What does it mean to be invisible?
What does it mean not to have a voice?
What is it to be revealed after being concealed?
11:45 a.m. “Can you breathe?” Peggy asked, putting a hand on my shoulder.
“Not really,” I admitted. Heh-heh. What the heck. Oh, well!
No breath = not good. Using a nail scissors, Peggy carefully made two punctures in my bandages, one beneath each nostril. “It’s like capturing a firefly and putting it in a jar,” we agreed. “You have to make holes in the lid so the bug has enough air.” There was something insect-like about the Creature. As I tested out the costume, taking my first uncertain steps across the floor, I found myself moving in slow motion, swiveling my head from side to side like a praying mantis.
“Good luck,” said Peggy, snapping a photo. Like a kid on Halloween, I put on my winter coat and hat reluctantly, sad to dilute the full effect of the costume. As I left the salon, I stared up at the open sky and made a vow to assorted T.B.D.’s, talented-but-dead people.
“I’m trying to take Aktion,” I whispered. “I don’t know what the hell I’m doing here. From this moment on, I take a vow of silence. I will not speak a word until sunset.”
Off I went. Throughout the day, I took a series of Aktions to rescue books. I only have room here to report on one of them!
3:30 pm. Barnes + Noble, Union Square, Manhattan
The Creature in white bandages (mummy? hospital patient? cocoon?) walked into the store, aware that the eyes of the clerks were following her. She took one step at a time, in a processional march, stately and formal: a high priestess from a lost civilization entering the temple ruins. She performed an invented ritual: the Bandaging of Injured Books. First, she stood before the big, black Stephen King Compendium and, in slow motion, bandaged it. She wound four successive layers of gauze around the book’s stiff cover, just as she had been bandaged herself, hours before. She placed the bandaged volume back on the shelf, clasped her velvet-gloved hands in prayer, and bowed. She approached a biography of Alice Neel and wrapped it tightly in lengths of gauze, purchased at considerable expense at Duane Reade (This shit costs a bundle!). She sidled over to a book by Tolkein. She began to bandage. Through her puny eye holes, she gleaned that the book was not written by Tolkein. It was a Tolkein “companion.” So… All around were books that were not books; books that were toys and games and gadgets and novelties and assorted products. Whatever it was, it got bandaged.
By 5:00 pm, I was standing in front of a stone god in the Metropolitan Museum’s Egyptian wing while a crowd of children watched the mummy.

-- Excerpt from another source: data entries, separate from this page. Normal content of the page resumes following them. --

lemma eventually_pressure_exponent_ge:
  assumes "0 \<le> t" "t < real D"
  shows "eventually (\<lambda>n. 1 * real n
           \<le> (real D - t) * ln (real (branch_prod a n)) - t * ln (real (shrink_prod a n))) sequentially"
proof -
  define J where "J = nat \<lceil>2 * t / (real D - t)\<rceil> + 1"
  have "2 * t / (real D - t) \<le> real J"
    unfolding J_def by linarith
  then have J: "2 * t \<le> (real D - t) * real J" "1 \<le> J"
    using assms by (simp_all add: pos_divide_le_eq mult.commute J_def)
  define c where "c = 2 * (t * ln 2 + 1) / (real D - t)"
  show ?thesis
    using eventually_bursts_ge[of J] eventually_ln_branch_prod_ge[of c]
  proof eventually_elim
    case (elim n)
    have "(real D - t) * real J \<le> (real D - t) * real (bursts a n)"
      using elim(1) assms(2) by (intro mult_left_mono) auto
    moreover have "(real D - t) * (c * real n) \<le> (real D - t) * ln (real (branch_prod a n))"
      using elim(2) assms(2) by (intro mult_left_mono) auto
    moreover have "(real D - t) * (c * real n) = 2 * (t * ln 2 + 1) * real n"
      using assms(2) by (simp add: c_def)
    ultimately show ?case
      using pressure_exponent_ge[OF assms] elim(1) J by simp
  qed
qed

lemma bowen_param_maps:
  "bowen_param (cbox 0 One) (index DIM('a)) (maps :: nat \<Rightarrow> nat \<Rightarrow> 'a \<Rightarrow> 'a::euclidean_space)
     = ereal (real DIM('a))"
proof -
  have "0 < lower_pressure (cbox 0 One) (index DIM('a)) (maps :: nat \<Rightarrow> nat \<Rightarrow> 'a \<Rightarrow> 'a) t
      \<longleftrightarrow> t < real DIM('a)" if "0 \<le> t" for t
  proof
    assume "t < real DIM('a)"
    then have "ereal 1 \<le> lower_pressure (cbox 0 One) (index DIM('a)) (maps :: nat \<Rightarrow> nat \<Rightarrow> 'a \<Rightarrow> 'a) t"
      unfolding lower_pressure_maps
      by (intro liminf_ereal_div_ge eventually_pressure_exponent_ge that)
    then show "0 < lower_pressure (cbox 0 One) (index DIM('a)) (maps :: nat \<Rightarrow> nat \<Rightarrow> 'a \<Rightarrow> 'a) t"
      by (rule less_le_trans[rotated]) simp
  next
    assume "0 < lower_pressure (cbox 0 One) (index DIM('a)) (maps :: nat \<Rightarrow> nat \<Rightarrow> 'a \<Rightarrow> 'a) t"
    moreover have "lower_pressure (cbox 0 One) (index DIM('a)) (maps :: nat \<Rightarrow> nat \<Rightarrow> 'a \<Rightarrow> 'a) t \<le> 0"
      if "real DIM('a) \<le> t"
      unfolding lower_pressure_maps
      by (intro liminf_ereal_div_nonpos pressure_exponent_nonpos that)
    ultimately show "t < real DIM('a)"
      by (meson not_le not_less)
  qed
  then have "{t. 0 \<le> t \<and> 0 < lower_pressure (cbox 0 One) (index DIM('a)) (maps :: nat \<Rightarrow> nat \<Rightarrow> 'a \<Rightarrow> 'a) t}
      = {0..<real DIM('a)}"
    by auto
  then show ?thesis
    by (simp add: bowen_param_def Sup_ereal_atLeastLessThan)
qed

lemma max_contraction_tendsto_0:
  "(\<lambda>n. SUP i\<in>index D n. normD (cbox 0 (One::'a::euclidean_space)) (maps n i)) \<longlonglongrightarrow> 0"
proof (rule tendsto_sandwich[of "\<lambda>_. 0" _ _ "\<lambda>n. 1 / real (branching a n)"])
  have "eventually (\<lambda>n. (SUP i\<in>index D n. normD (cbox 0 (One::'a)) (maps n i)) = ratio n) sequentially"
    using eventually_ge_at_top[of 1]
  proof eventually_elim
    case (elim n)
    then have "0 \<in> index D n"
      using branching_pos[OF elim] by (simp add: index_def)
    then have "index D n \<noteq> {}"
      by blast
    then show ?case
      using elim by (simp add: normD_maps)
  qed
  moreover have "eventually (\<lambda>n. 0 \<le> ratio n \<and> ratio n \<le> 1 / real (branching a n)) sequentially"
    using eventually_ge_at_top[of 1]
  proof eventually_elim
    case (elim n)
    have "1 / (2 * real (branching a n)) \<le> 1 / real (branching a n)"
      using branching_pos[OF elim] by (simp add: frac_le)
    then show ?case
      using ratio_pos[OF elim] ratio_le[OF elim] by simp
  qed
  ultimately show "eventually (\<lambda>n. 0 \<le> (SUP i\<in>index D n. normD (cbox 0 (One::'a)) (maps n i))) sequentially"
    and "eventually (\<lambda>n. (SUP i\<in>index D n. normD (cbox 0 (One::'a)) (maps n i))
      \<le> 1 / real (branching a n)) sequentially"
    by (auto elim: eventually_mono[OF eventually_conj])
  have "filterlim (\<lambda>n. real (branching a n)) at_top sequentially"
    unfolding filterlim_at_top
  proof
    fix Z :: real
    show "eventually (\<lambda>n. Z \<le> real (branching a n)) sequentially"
      using eventually_branching_ge[of "nat \<lceil>Z\<rceil>"] by eventually_elim linarith
  qed
  then show "(\<lambda>n. 1 / real (branching a n)) \<longlonglongrightarrow> 0"
    by (intro tendsto_divide_0[OF tendsto_const] filterlim_at_top_imp_at_infinity)
qed simp

end

section \<open>Hausdorff dimension of the limit set\<close>

lemma powr_cover_bound:
  fixes P D s :: real and j :: nat
  assumes "1 \<le> P" "0 < D" "0 < s" "D \<le> real j * s"
  shows "P powr D * (D / (2 * P) ^ j) powr s \<le> D powr s / (2 powr s) ^ j"
proof -
  define A B where "A = P powr (real j * s)" "B = 2 powr (real j * s)"
  have pos: "0 < A" "0 < B"
    using assms(1) by (auto simp: A_B_def)
  have "((2 * P) ^ j) powr s = B * A"
    using assms(1) by (simp add: A_B_def powr_realpow[symmetric] powr_powr powr_mult)
  then have "P powr D * (D / (2 * P) ^ j) powr s = (P powr D / A) * (D powr s / B)"
    using assms(1,2) by (simp add: powr_divide)
  also have "\<dots> \<le> 1 * (D powr s / B)"
    using assms pos by (intro mult_right_mono) (auto simp: A_B_def intro: powr_mono)
  also have "B = (2 powr s) ^ j"
    by (simp add: A_B_def powr_powr[symmetric] powr_realpow mult.commute)
  finally show ?thesis
    by simp
qed

lemma obtain_cover_exponent:
  fixes D s \<delta> \<epsilon> :: real
  assumes D: "0 < D" and s: "0 < s" and \<delta>: "0 < \<delta>" and \<epsilon>: "0 < \<epsilon>"
  obtains J where "\<And>j P. J \<le> j \<Longrightarrow> 1 \<le> P \<Longrightarrow>
    D / (2 * P) ^ j \<le> \<delta> \<and> P powr D * (D / (2 * P) ^ j) powr s \<le> \<epsilon>"
proof -
  obtain J1 where J1: "D powr s / \<epsilon> < (2 powr s) ^ J1"
    using real_arch_pow[of "2 powr s"] s by auto
  obtain J2 where J2: "D / \<delta> < 2 ^ J2"
    using real_arch_pow[of 2] by auto
  have "D / (2 * P) ^ j \<le> \<delta> \<and> P powr D * (D / (2 * P) ^ j) powr s \<le> \<epsilon>"
    if j: "max (max J1 J2) (nat \<lceil>D / s\<rceil>) \<le> j" and P: "1 \<le> P" for j P
  proof
    have "(2::real) ^ J2 \<le> 2 ^ j"
      using j by (intro power_increasing) auto
    also have "\<dots> \<le> (2 * P) ^ j"
      using P by (intro power_mono) auto
    finally have "\<delta> * 2 ^ J2 \<le> \<delta> * (2 * P) ^ j"
      using \<delta> by simp
    moreover have "D < \<delta> * 2 ^ J2"
      using J2 \<delta> by (simp add: pos_divide_less_eq mult.commute)
    moreover have "0 < (2 * P) ^ j"
      using P by simp
    ultimately show "D / (2 * P) ^ j \<le> \<delta>"
      by (subst pos_divide_le_eq) auto
    have "D / s \<le> real j"
      using j by linarith
    then have "P powr D * (D / (2 * P) ^ j) powr s \<le> D powr s / (2 powr s) ^ j"
      using s by (intro powr_cover_bound[OF P D s]) (simp add: field_simps)
    also have "\<dots> \<le> \<epsilon>"
    proof -
      have "(2 powr s) ^ J1 \<le> (2 powr s) ^ j"
        using j s by (intro power_increasing) (auto simp: ge_one_powr_ge_zero)
      then have "\<epsilon> * (2 powr s) ^ J1 \<le> \<epsilon> * (2 powr s) ^ j"
        using \<epsilon> by simp
      moreover have "D powr s < \<epsilon> * (2 powr s) ^ J1"
        using J1 \<epsilon> by (simp add: pos_divide_less_eq mult.commute)
      ultimately show ?thesis
        by (simp add: divide_le_eq)
    qed
    finally show "P powr D * (D / (2 * P) ^ j) powr s \<le> \<epsilon>" .
  qed
  then show ?thesis
    using that by blast
qed
theorem theorem5:
  fixes N :: "'i set" and A :: "'w set set" and M :: "'i \<Rightarrow> 'w set set"
    and t :: "'i \<Rightarrow> 'w \<Rightarrow> 'w set \<Rightarrow> real"
  assumes "type_space N A M t"
  shows "(universally_consistent N A M t \<and> \<not> universal_money_pump N A M t) \<or>
         (\<not> universally_consistent N A M t \<and> universal_money_pump N A M t)"
  using universally_consistent_imp_no_money_pump[OF assms]
    money_pump_if_not_universally_consistent[OF assms] by blast

end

I’d covered four miles and had performed five hours worth of Aktions. My own book was the last one to be bandaged. I placed it there, at the foot of a lost deity, hoping it might get resurrected, too, along with the eternal Soul of the Book. I was thirsty, hungry and exhausted when I ran into the nearest bathroom, pulled my scissors out of my bag, and tried to cut off my bandages. They were stuck fast. Fuck. The glue! For a moment, I panicked, half-strangled, with fabric and adhesive clumping to my hair and neck. I snipped and tore; finally, I escaped. The air was cool on my skin. My face was pale and drawn. I felt a bit stronger and braver. It was only then, as the 2nd Aktion was completed, that I figured out what I wanted to become. An artist. One question, anyway, was answered. The Aktion for a Dying Book hasn’t ended; it has started.